▸ WORK REQUIRED:
Below are the records; copy each line in which "unitX" can be found.

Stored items
+ + + + +

(* Suppose that $\mathbb{U}$ sends $\mathcal{H}_\mathcal{X}^-$ to $\mathcal{H}_Y^-$, so that $\mathbb{U} = U_0 + U_1 z^{-1} + \cdots + U_k z^{-k}$ for some non-negative integer $k$ and some linear maps $U_i: H^\bullet_{\mathrm{CR}}(\mathcal{X};\mathbb{C}) \to H^\bullet(Y;\mathbb{C})$. Then: (i) $U_0$ is grading-preserving; (ii) $U_0$ maps $\mathbf{1}_\mathcal{X}$ to $\mathbf{1}_Y$; (iii) $U_0$ maps $\rho \in H^2(\mathcal{X};\mathbb{C})$ to $\pi^\star\rho \in H^2(Y;\mathbb{C})$; (iv) $U_0$ identifies the orbifold Poincaré pairing on $H^\bullet_{\mathrm{CR}}(\mathcal{X};\mathbb{C})$ with the Poincaré pairing on $H^\bullet(Y;\mathbb{C})$.
   Context: Let $\mathcal{X}$ be a Gorenstein orbifold (smooth Deligne–Mumford stack over $\mathbb{C}$) with projective coarse moduli space $X$ and trivial generic isotropy, and let $\pi: Y \to X$ be a crepant resolution. $H^\bullet_{\mathrm{CR}}(\mathcal{X};\mathbb{C})$ denotes Chen–Ruan orbifold cohomology, with Chen–Ruan product $\cup_{\mathrm{CR}}$ and orbifold Poincaré pairing. Let $\Lambda = \mathbb{C}[\![U_1,\ldots,U_s]\!]$ be the Novikov ring of $\mathcal{X}$. For $\mathcal{Z} = \mathcal{X}$ or $Y$, let $\mathcal{H}_\mathcal{Z} = H^\bullet_{\mathrm{CR}}(\mathcal{Z};\Lambda) \otimes \mathbb{C}(\!(z^{-1})\!)$ (with $\deg z = 2$), with symplectic form $\Omega_\mathcal{Z}(f,g) = \operatorname{Res}_{z=0}(f(-z),g(z))_\mathcal{Z}\,dz$, and Lagrangian subspaces $\mathcal{H}_\mathcal{Z}^+ = H^\bullet_{\mathrm{CR}}(\mathcal{Z};\Lambda)\otimes\mathbb{C}[z]$, $\mathcal{H}_\mathcal{Z}^- = z^{-1}H^\bullet_{\mathrm{CR}}(\mathcal{Z};\Lambda)\otimes\mathbb{C}[\![z^{-1}]\!]$; let $\mathcal{L}_\mathcal{Z} \subset \mathcal{H}_\mathcal{Z}$ be Givental's Lagrangian cone encoding genus-zero Gromov–Witten invariants. Assume (the Crepant Resolution Conjecture) that $\mathbb{U}: \mathcal{H}_\mathcal{X} \to \mathcal{H}_Y$ is a degree-preserving $\mathbb{C}(\!(z^{-1})\!)$-linear symplectic isomorphism with $\mathbb{U}(\mathcal{L}_\mathcal{X}) = \mathcal{L}_Y$ after analytic continuation, satisfying: (a) $\mathbb{U}(\mathbf{1}_\mathcal{X}) = \mathbf{1}_Y + O(z^{-1})$; (b) $\mathbb{U} \circ (\rho \cup_{\mathrm{CR}}) = (\pi^\star\rho \cup) \circ \mathbb{U}$ for every untwisted degree-two class $\rho \in H^2(\mathcal{X};\mathbb{C})$; (c) $\mathbb{U}(\mathcal{H}_\mathcal{X}^+) \oplus \mathcal{H}_Y^- = \mathcal{H}_Y$; (d) the matrix entries of $\mathbb{U}$ with respect to fixed homogeneous bases lie in $\mathbb{C}(\!(z^{-1})\!)$. *)

theory Defs
  imports Complex_Main
begin

text \<open>A cohomology space with a fixed finite homogeneous basis indexed by a finite type 'a
 is modelled by vectors 'a \<Rightarrow> complex.  An element of H_Z = H \<otimes> C((z^-1)) is a
 function int \<Rightarrow> ('a \<Rightarrow> complex) giving the coefficient of z^n, with support
 bounded above.  A C((z^-1))-linear map H_X \<rightarrow> H_Y with matrix entries in C((z^-1))
 is a family of matrices int \<Rightarrow> ('b \<Rightarrow> 'a \<Rightarrow> complex) (coefficient of z^n),
 with support bounded above.\<close>

type_synonym 'a cvec = "'a \<Rightarrow> complex"
type_synonym ('b, 'a) cmat = "'b \<Rightarrow> 'a \<Rightarrow> complex"
type_synonym 'a laur = "int \<Rightarrow> 'a cvec"
type_synonym ('b, 'a) laurmap = "int \<Rightarrow> ('b, 'a) cmat"

definition mvec :: "('b, 'a::finite) cmat \<Rightarrow> 'a cvec \<Rightarrow> 'b cvec" where
  "mvec M v = (\<lambda>b. \<Sum>a\<in>UNIV. M b a * v a)"

definition pair :: "('a::finite, 'a) cmat \<Rightarrow> 'a cvec \<Rightarrow> 'a cvec \<Rightarrow> complex" where
  "pair G v w = (\<Sum>a\<in>UNIV. \<Sum>a'\<in>UNIV. v a * G a a' * w a')"

definition cup :: "('a::finite \<Rightarrow> 'a \<Rightarrow> 'a \<Rightarrow> complex) \<Rightarrow> 'a cvec \<Rightarrow> 'a cvec \<Rightarrow> 'a cvec" where
  "cup C v w = (\<lambda>c. \<Sum>a\<in>UNIV. \<Sum>b\<in>UNIV. v a * w b * C a b c)"

definition laurent :: "'a laur set" where
  "laurent = {f. \<exists>N::int. \<forall>n>N. f n = (\<lambda>_. 0)}"

definition laurent_map :: "('b, 'a) laurmap \<Rightarrow> bool" where
  "laurent_map U \<longleftrightarrow> (\<exists>N::int. \<forall>n>N. U n = (\<lambda>_ _. 0))"

text \<open>H^+ = H \<otimes> C[z] and H^- = z^-1 H \<otimes> C[[z^-1]].\<close>
definition Hplus :: "'a laur set" where
  "Hplus = {f. (\<forall>n<0. f n = (\<lambda>_. 0)) \<and> (\<exists>N::int. \<forall>n>N. f n = (\<lambda>_. 0))}"

definition Hminus :: "'a laur set" where
  "Hminus = {f. \<forall>n\<ge>0. f n = (\<lambda>_. 0)}"

text \<open>Application of a C((z^-1))-linear map: Cauchy product of Laurent series in z^-1
 (the index set is finite for elements of laurent).\<close>
definition lapply :: "('b, 'a::finite) laurmap \<Rightarrow> 'a laur \<Rightarrow> 'b laur" where
  "lapply U f = (\<lambda>n b. \<Sum>i\<in>{i. U i \<noteq> (\<lambda>_ _. 0) \<and> f (n - i) \<noteq> (\<lambda>_. 0)}. mvec (U i) (f (n - i)) b)"

text \<open>Symplectic form Omega(f,g) = Res_{z=0} (f(-z), g(z)) dz.\<close>
definition Omega :: "('a::finite, 'a) cmat \<Rightarrow> 'a laur \<Rightarrow> 'a laur \<Rightarrow> complex" where
  "Omega G f g = (\<Sum>m\<in>{m. f m \<noteq> (\<lambda>_. 0) \<and> g (-1 - m) \<noteq> (\<lambda>_. 0)}.
      (if even m then 1 else -1) * pair G (f m) (g (-1 - m)))"

text \<open>Homogeneity with respect to the grading (deg z = 2).\<close>
definition homog_vec :: "('a \<Rightarrow> int) \<Rightarrow> 'a cvec \<Rightarrow> int \<Rightarrow> bool" where
  "homog_vec deg v d \<longleftrightarrow> (\<forall>a. v a \<noteq> 0 \<longrightarrow> deg a = d)"

definition homog_laur :: "('a \<Rightarrow> int) \<Rightarrow> 'a laur \<Rightarrow> int \<Rightarrow> bool" where
  "homog_laur deg f d \<longleftrightarrow> (\<forall>n a. f n a \<noteq> 0 \<longrightarrow> deg a + 2 * n = d)"

definition degree_preserving ::
  "('a \<Rightarrow> int) \<Rightarrow> ('b \<Rightarrow> int) \<Rightarrow> ('b, 'a::finite) laurmap \<Rightarrow> bool" where
  "degree_preserving degX degY U \<longleftrightarrow>
     (\<forall>f d. f \<in> laurent \<longrightarrow> homog_laur degX f d \<longrightarrow> homog_laur degY (lapply U f) d)"

definition grading_preserving ::
  "('a \<Rightarrow> int) \<Rightarrow> ('b \<Rightarrow> int) \<Rightarrow> ('b, 'a::finite) cmat \<Rightarrow> bool" where
  "grading_preserving degX degY M \<longleftrightarrow>
     (\<forall>v d. homog_vec degX v d \<longrightarrow> homog_vec degY (mvec M v) d)"

definition const_laur :: "'a cvec \<Rightarrow> 'a laur" where
  "const_laur v = (\<lambda>n. if n = 0 then v else (\<lambda>_. 0))"

definition cup_laur :: "('a::finite \<Rightarrow> 'a \<Rightarrow> 'a \<Rightarrow> complex) \<Rightarrow> 'a cvec \<Rightarrow> 'a laur \<Rightarrow> 'a laur" where
  "cup_laur C v f = (\<lambda>n. cup C v (f n))"

definition nondegenerate :: "('a::finite, 'a) cmat \<Rightarrow> bool" where
  "nondegenerate G \<longleftrightarrow> (\<forall>v. (\<forall>w. pair G v w = 0) \<longrightarrow> v = (\<lambda>_. 0))"

end

theory Submission
  imports Defs
begin

text \<open>Feeding constant series v z^0 into the hypotheses on \<open>U\<close> isolates the coefficient \<open>U 0\<close>:
  \<open>U\<close>(v z^0) has coefficient \<open>U 0 v\<close> at z^0 and nothing at positive powers.  For the pairing, apply the
  symplectic condition to v z^0 and w z^{-1}: since \<open>U\<close> has no positive powers of z, the only
  contribution to the residue on either side comes from z^0 \<times> z^{-1}.\<close>

definition laur_monom :: "int \<Rightarrow> 'a cvec \<Rightarrow> 'a laur" where
  "laur_monom k v = (\<lambda>n. if n = k then v else (\<lambda>_. 0))"

lemma laur_monom_laurent: "laur_monom k v \<in> laurent"
  unfolding laurent_def laur_monom_def by (auto intro: exI[of _ k])

lemma const_laur_eq_laur_monom: "const_laur v = laur_monom 0 v"
  by (simp add: const_laur_def laur_monom_def)

lemma mvec_zero_right [simp]: "mvec M (\<lambda>_. 0) = (\<lambda>_. 0)"
  by (simp add: mvec_def)

lemma mvec_zero_left [simp]: "mvec (\<lambda>_ _. 0) v = (\<lambda>_. 0)"
  by (simp add: mvec_def)

lemma pair_zero_left [simp]: "pair G (\<lambda>_. 0) w = 0"
  by (simp add: pair_def)

lemma pair_zero_right [simp]: "pair G v (\<lambda>_. 0) = 0"
  by (simp add: pair_def)

lemma cup_zero_right [simp]: "cup C v (\<lambda>_. 0) = (\<lambda>_. 0)"
  by (simp add: cup_def)

lemma lapply_laur_monom: "lapply U (laur_monom k v) = (\<lambda>n. mvec (U (n - k)) v)"
proof (intro ext)
  fix n b
  let ?S = "{i. U i \<noteq> (\<lambda>_ _. 0) \<and> laur_monom k v (n - i) \<noteq> (\<lambda>_. 0)}"
  have "lapply U (laur_monom k v) n b = (\<Sum>i\<in>?S. mvec (U i) (laur_monom k v (n - i)) b)"
    by (simp add: lapply_def)
  also have "\<dots> = (\<Sum>i\<in>{n - k}. mvec (U i) (laur_monom k v (n - i)) b)"
    by (rule sum.mono_neutral_left) (auto simp: laur_monom_def)
  also have "\<dots> = mvec (U (n - k)) v b"
    by (simp add: laur_monom_def)
  finally show "lapply U (laur_monom k v) n b = mvec (U (n - k)) v b" .
qed

lemma lapply_const_laur: "lapply U (const_laur v) = (\<lambda>n. mvec (U n) v)"
  by (simp add: const_laur_eq_laur_monom lapply_laur_monom)

lemma cup_laur_const_laur: "cup_laur C \<rho> (const_laur v) = const_laur (cup C \<rho> v)"
  by (auto simp: cup_laur_def const_laur_def)

lemma Omega_eq_pair_residue_term:
  assumes f_neg: "\<And>n. n > 0 \<Longrightarrow> f n = (\<lambda>_. 0)"
    and g_neg: "\<And>n. n \<ge> 0 \<Longrightarrow> g n = (\<lambda>_. 0)"
  shows "Omega G f g = pair G (f 0) (g (-1))"
proof -
  let ?t = "\<lambda>m. (if even m then 1 else -1) * pair G (f m) (g (-1 - m))"
  have "Omega G f g = (\<Sum>m\<in>{m. f m \<noteq> (\<lambda>_. 0) \<and> g (-1 - m) \<noteq> (\<lambda>_. 0)}. ?t m)"
    by (simp add: Omega_def)
  also have "\<dots> = (\<Sum>m\<in>{0}. ?t m)"
  proof (rule sum.mono_neutral_left)
    show "{m. f m \<noteq> (\<lambda>_. 0) \<and> g (-1 - m) \<noteq> (\<lambda>_. 0)} \<subseteq> {0}"
    proof
      fix m
      assume "m \<in> {m. f m \<noteq> (\<lambda>_. 0) \<and> g (-1 - m) \<noteq> (\<lambda>_. 0)}"
      then have "\<not> m > 0" and "\<not> -1 - m \<ge> 0"
        using f_neg g_neg by auto
      then show "m \<in> {0}" by simp
    qed
  qed auto
  finally show ?thesis by simp
qed

lemma grading_preserving_coeff0:
  assumes "degree_preserving degX degY U"
  shows "grading_preserving degX degY (U 0)"
  unfolding grading_preserving_def
proof (intro allI impI)
  fix v d
  assume "homog_vec degX v d"
  then have "homog_laur degX (const_laur v) d"
    by (auto simp: homog_laur_def homog_vec_def const_laur_def)
  with assms have "homog_laur degY (\<lambda>n. mvec (U n) v) d"
    by (simp add: degree_preserving_def const_laur_eq_laur_monom laur_monom_laurent
        flip: lapply_const_laur)
  then show "homog_vec degY (mvec (U 0) v) d"
    by (auto simp: homog_laur_def homog_vec_def dest: spec[of _ 0])
qed

lemma coeff0_unit:
  assumes "lapply U (const_laur oneX) 0 = oneY"
  shows "mvec (U 0) oneX = oneY"
  using assms by (simp add: lapply_const_laur)

lemma coeff0_divisor:
  assumes unitX: "cup CX \<rho> oneX = \<rho>" and unitY: "cup CY \<rho>' oneY = \<rho>'"
    and U_unit: "lapply U (const_laur oneX) 0 = oneY"
    and U_cup: "lapply U (cup_laur CX \<rho> (const_laur oneX))
                  = cup_laur CY \<rho>' (lapply U (const_laur oneX))"
  shows "mvec (U 0) \<rho> = \<rho>'"
proof -
  have "mvec (U 0) \<rho> = lapply U (cup_laur CX \<rho> (const_laur oneX)) 0"
    by (simp add: cup_laur_const_laur unitX lapply_const_laur)
  also have "\<dots> = cup_laur CY \<rho>' (lapply U (const_laur oneX)) 0"
    by (simp only: U_cup)
  also have "\<dots> = cup CY \<rho>' oneY"
    by (simp add: cup_laur_def U_unit)
  finally show ?thesis using unitY by simp
qed

lemma coeff0_pair:
  assumes U_nonpos: "\<And>n. n > 0 \<Longrightarrow> U n = (\<lambda>_ _. 0)"
    and U_symp: "\<forall>f\<in>laurent. \<forall>g\<in>laurent. Omega GY (lapply U f) (lapply U g) = Omega GX f g"
  shows "pair GY (mvec (U 0) v) (mvec (U 0) w) = pair GX v w"
proof -
  have "pair GY (mvec (U 0) v) (mvec (U 0) w)
      = Omega GY (lapply U (laur_monom 0 v)) (lapply U (laur_monom (-1) w))"
    by (subst Omega_eq_pair_residue_term) (simp_all add: lapply_laur_monom U_nonpos)
  also have "\<dots> = Omega GX (laur_monom 0 v) (laur_monom (-1) w)"
    using U_symp laur_monom_laurent by blast
  also have "\<dots> = pair GX v w"
    by (subst Omega_eq_pair_residue_term) (simp_all add: laur_monom_def)
  finally show ?thesis .
qed

theorem lemma5p2:
  fixes degX :: "'a::finite \<Rightarrow> int" and degY :: "'b::finite \<Rightarrow> int"
    and GX :: "('a, 'a) cmat" and GY :: "('b, 'b) cmat"
    and CX :: "'a \<Rightarrow> 'a \<Rightarrow> 'a \<Rightarrow> complex" and CY :: "'b \<Rightarrow> 'b \<Rightarrow> 'b \<Rightarrow> complex"
    and oneX :: "'a cvec" and oneY :: "'b cvec"
    and H2X :: "'a cvec set" and pistar :: "'a cvec \<Rightarrow> 'b cvec"
    and U :: "('b, 'a) laurmap"
  assumes GX_sym: "\<forall>a a'. GX a a' = GX a' a" and GY_sym: "\<forall>b b'. GY b b' = GY b' b"
    and GX_nd: "nondegenerate GX" and GY_nd: "nondegenerate GY"
    and unitX: "\<forall>v. cup CX oneX v = v \<and> cup CX v oneX = v"
    and unitY: "\<forall>w. cup CY oneY w = w \<and> cup CY w oneY = w"
    and oneX_deg: "homog_vec degX oneX 0" and oneY_deg: "homog_vec degY oneY 0"
    and H2X_deg: "\<forall>\<rho>\<in>H2X. homog_vec degX \<rho> 2"
    and pistar_deg: "\<forall>\<rho>\<in>H2X. homog_vec degY (pistar \<rho>) 2"
    and U_laurent: "laurent_map U"
    and U_bij: "bij_betw (lapply U) laurent laurent"
    and U_symp: "\<forall>f\<in>laurent. \<forall>g\<in>laurent. Omega GY (lapply U f) (lapply U g) = Omega GX f g"
    and U_deg: "degree_preserving degX degY U"
    and cond_a: "lapply U (const_laur oneX) 0 = oneY \<and> (\<forall>n>0. lapply U (const_laur oneX) n = (\<lambda>_. 0))"
    and cond_b: "\<forall>\<rho>\<in>H2X. \<forall>f\<in>laurent.
                   lapply U (cup_laur CX \<rho> f) = cup_laur CY (pistar \<rho>) (lapply U f)"
    and cond_c: "\<forall>h\<in>laurent. \<exists>!pq. fst pq \<in> Hplus \<and> snd pq \<in> Hminus \<and>
                   h = (\<lambda>n b. lapply U (fst pq) n b + snd pq n b)"
    and U_minus: "\<forall>f\<in>Hminus \<inter> laurent. lapply U f \<in> Hminus"
    and U_poly: "\<exists>k::nat. \<forall>n. (n > 0 \<or> n < - int k) \<longrightarrow> U n = (\<lambda>_ _. 0)"
  shows "grading_preserving degX degY (U 0)
       \<and> mvec (U 0) oneX = oneY
       \<and> (\<forall>\<rho>\<in>H2X. mvec (U 0) \<rho> = pistar \<rho>)
       \<and> (\<forall>v w. pair GY (mvec (U 0) v) (mvec (U 0) w) = pair GX v w)"
proof -
  have U_nonpos: "U n = (\<lambda>_ _. 0)" if "n > 0" for n
    using U_poly that by blast
  have one_laurent: "const_laur oneX \<in> laurent"
    by (simp add: const_laur_eq_laur_monom laur_monom_laurent)
  have divisor: "mvec (U 0) \<rho> = pistar \<rho>" if "\<rho> \<in> H2X" for \<rho>
    using that unitX unitY cond_a cond_b one_laurent
    by (intro coeff0_divisor[of CX \<rho> oneX CY "pistar \<rho>" oneY U]) blast+
  show ?thesis
    using grading_preserving_coeff0[OF U_deg] coeff0_unit cond_a divisor
      coeff0_pair[OF U_nonpos U_symp] by blast
qed

end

+ + + + +

▸ EXPECTED OUTPUT:
  assumes unitX: "cup CX \<rho> oneX = \<rho>" and unitY: "cup CY \<rho>' oneY = \<rho>'"
    by (simp add: cup_laur_const_laur unitX lapply_const_laur)
    and unitX: "\<forall>v. cup CX oneX v = v \<and> cup CX v oneX = v"
    using that unitX unitY cond_a cond_b one_laurent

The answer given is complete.